=== DATASET EXCERPTS ===
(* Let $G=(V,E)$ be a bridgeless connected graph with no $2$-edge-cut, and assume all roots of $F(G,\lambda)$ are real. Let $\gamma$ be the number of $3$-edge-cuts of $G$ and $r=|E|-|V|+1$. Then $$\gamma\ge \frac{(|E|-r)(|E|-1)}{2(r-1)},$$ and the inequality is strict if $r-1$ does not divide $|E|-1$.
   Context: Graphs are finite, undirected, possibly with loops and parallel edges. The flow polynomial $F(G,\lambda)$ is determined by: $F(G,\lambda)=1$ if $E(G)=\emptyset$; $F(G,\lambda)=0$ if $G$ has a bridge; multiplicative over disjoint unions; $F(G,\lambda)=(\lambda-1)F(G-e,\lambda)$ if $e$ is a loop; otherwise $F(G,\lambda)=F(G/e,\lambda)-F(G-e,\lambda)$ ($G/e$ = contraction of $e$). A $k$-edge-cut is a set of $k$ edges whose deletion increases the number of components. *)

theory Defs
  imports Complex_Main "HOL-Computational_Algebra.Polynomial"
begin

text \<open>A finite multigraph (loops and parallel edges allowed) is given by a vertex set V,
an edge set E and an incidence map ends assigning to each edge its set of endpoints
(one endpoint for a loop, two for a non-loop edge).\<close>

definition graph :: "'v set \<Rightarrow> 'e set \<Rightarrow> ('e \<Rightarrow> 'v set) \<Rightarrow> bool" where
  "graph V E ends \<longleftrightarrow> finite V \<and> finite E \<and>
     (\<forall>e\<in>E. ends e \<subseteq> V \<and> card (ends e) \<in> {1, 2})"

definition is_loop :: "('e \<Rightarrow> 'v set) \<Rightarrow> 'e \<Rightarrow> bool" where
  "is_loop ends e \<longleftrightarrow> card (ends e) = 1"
===
=== DATASET EXCERPTS ===
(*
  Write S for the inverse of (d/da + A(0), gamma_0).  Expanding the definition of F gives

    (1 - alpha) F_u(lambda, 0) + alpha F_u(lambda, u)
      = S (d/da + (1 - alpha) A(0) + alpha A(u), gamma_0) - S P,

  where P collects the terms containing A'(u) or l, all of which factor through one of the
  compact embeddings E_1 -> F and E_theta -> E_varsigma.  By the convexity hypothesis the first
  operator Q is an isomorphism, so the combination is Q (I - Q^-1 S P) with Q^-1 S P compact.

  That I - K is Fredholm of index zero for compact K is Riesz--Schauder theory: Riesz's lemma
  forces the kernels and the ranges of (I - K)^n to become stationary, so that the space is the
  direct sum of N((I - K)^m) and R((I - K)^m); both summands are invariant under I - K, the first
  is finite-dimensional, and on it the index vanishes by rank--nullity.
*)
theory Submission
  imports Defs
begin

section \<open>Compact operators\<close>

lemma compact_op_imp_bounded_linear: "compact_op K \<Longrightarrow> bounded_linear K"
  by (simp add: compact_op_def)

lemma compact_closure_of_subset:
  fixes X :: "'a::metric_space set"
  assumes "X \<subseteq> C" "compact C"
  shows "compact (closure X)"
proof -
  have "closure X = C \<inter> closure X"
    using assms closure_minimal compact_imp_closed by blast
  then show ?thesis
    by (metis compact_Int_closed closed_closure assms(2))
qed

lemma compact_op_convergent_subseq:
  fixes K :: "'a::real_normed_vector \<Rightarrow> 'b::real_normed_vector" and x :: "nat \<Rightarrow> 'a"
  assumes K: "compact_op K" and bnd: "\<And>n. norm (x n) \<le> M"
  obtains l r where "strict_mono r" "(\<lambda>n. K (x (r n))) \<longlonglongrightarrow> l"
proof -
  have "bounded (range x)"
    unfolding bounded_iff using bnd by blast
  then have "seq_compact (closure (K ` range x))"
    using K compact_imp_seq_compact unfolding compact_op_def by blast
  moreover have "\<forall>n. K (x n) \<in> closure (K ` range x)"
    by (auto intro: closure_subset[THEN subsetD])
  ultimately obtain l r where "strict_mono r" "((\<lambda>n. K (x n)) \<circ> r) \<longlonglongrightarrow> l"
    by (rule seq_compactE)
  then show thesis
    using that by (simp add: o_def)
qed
===
=== DATASET EXCERPTS ===
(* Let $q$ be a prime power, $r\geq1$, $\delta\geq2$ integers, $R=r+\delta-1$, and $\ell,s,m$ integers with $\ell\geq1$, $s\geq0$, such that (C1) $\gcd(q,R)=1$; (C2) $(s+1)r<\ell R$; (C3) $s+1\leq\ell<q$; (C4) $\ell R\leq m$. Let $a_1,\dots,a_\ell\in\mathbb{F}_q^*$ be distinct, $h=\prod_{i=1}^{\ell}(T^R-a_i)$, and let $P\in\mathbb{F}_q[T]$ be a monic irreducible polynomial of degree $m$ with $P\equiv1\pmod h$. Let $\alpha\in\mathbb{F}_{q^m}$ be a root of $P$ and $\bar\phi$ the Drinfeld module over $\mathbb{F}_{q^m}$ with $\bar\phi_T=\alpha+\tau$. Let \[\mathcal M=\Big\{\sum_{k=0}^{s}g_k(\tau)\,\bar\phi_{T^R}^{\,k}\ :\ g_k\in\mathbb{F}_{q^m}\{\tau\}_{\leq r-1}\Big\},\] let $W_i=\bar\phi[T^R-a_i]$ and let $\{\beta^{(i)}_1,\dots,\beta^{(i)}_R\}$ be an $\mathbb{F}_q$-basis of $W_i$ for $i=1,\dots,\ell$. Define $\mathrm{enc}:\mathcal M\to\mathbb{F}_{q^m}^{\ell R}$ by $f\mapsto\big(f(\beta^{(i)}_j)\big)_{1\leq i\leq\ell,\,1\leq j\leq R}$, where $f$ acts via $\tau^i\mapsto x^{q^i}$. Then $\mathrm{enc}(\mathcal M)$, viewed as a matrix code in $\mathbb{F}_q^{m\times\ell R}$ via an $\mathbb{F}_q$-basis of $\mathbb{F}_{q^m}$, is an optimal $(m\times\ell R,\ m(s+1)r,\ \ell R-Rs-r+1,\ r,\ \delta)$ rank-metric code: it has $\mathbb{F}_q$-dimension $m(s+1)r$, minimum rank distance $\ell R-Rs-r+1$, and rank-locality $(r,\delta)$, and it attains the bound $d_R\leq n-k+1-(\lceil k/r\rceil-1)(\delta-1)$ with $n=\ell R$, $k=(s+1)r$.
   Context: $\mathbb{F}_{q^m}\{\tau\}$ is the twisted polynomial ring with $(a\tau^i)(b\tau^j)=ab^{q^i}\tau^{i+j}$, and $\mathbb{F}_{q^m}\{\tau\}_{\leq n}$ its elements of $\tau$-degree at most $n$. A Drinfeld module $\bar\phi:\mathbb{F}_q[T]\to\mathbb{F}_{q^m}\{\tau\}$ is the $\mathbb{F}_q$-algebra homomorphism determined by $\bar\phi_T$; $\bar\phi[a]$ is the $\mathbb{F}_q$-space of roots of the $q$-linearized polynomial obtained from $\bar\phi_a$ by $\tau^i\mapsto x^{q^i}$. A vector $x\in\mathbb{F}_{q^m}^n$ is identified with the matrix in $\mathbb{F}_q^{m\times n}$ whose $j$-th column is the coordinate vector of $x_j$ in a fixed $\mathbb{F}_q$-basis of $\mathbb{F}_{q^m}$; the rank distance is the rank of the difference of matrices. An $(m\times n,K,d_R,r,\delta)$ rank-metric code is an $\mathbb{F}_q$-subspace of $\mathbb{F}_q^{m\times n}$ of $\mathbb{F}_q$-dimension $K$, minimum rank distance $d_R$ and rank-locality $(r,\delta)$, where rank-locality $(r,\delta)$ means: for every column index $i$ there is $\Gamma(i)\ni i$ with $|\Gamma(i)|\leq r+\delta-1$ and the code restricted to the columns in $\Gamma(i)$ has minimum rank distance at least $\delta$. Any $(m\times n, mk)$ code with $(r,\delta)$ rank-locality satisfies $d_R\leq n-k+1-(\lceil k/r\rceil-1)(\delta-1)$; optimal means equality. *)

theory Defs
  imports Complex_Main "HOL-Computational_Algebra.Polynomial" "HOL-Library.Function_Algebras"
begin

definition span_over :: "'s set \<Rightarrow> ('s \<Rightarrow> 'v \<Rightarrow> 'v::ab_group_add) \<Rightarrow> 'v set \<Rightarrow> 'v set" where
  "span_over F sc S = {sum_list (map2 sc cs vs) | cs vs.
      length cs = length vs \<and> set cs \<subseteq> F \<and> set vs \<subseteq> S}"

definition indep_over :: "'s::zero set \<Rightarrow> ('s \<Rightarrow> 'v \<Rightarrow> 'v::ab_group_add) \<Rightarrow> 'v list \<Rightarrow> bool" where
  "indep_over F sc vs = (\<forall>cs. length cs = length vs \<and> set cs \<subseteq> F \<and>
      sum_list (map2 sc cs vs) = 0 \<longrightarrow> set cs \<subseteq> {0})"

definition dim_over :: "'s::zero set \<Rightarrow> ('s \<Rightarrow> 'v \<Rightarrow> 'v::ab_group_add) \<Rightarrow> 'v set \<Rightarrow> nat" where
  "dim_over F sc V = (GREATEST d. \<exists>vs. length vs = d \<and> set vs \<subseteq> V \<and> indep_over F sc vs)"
===
__PROBLEM STATEMENT__: What is the number of lines in the preceding entries that hold the string "zero"? Give it alone.

__RESULT__: 3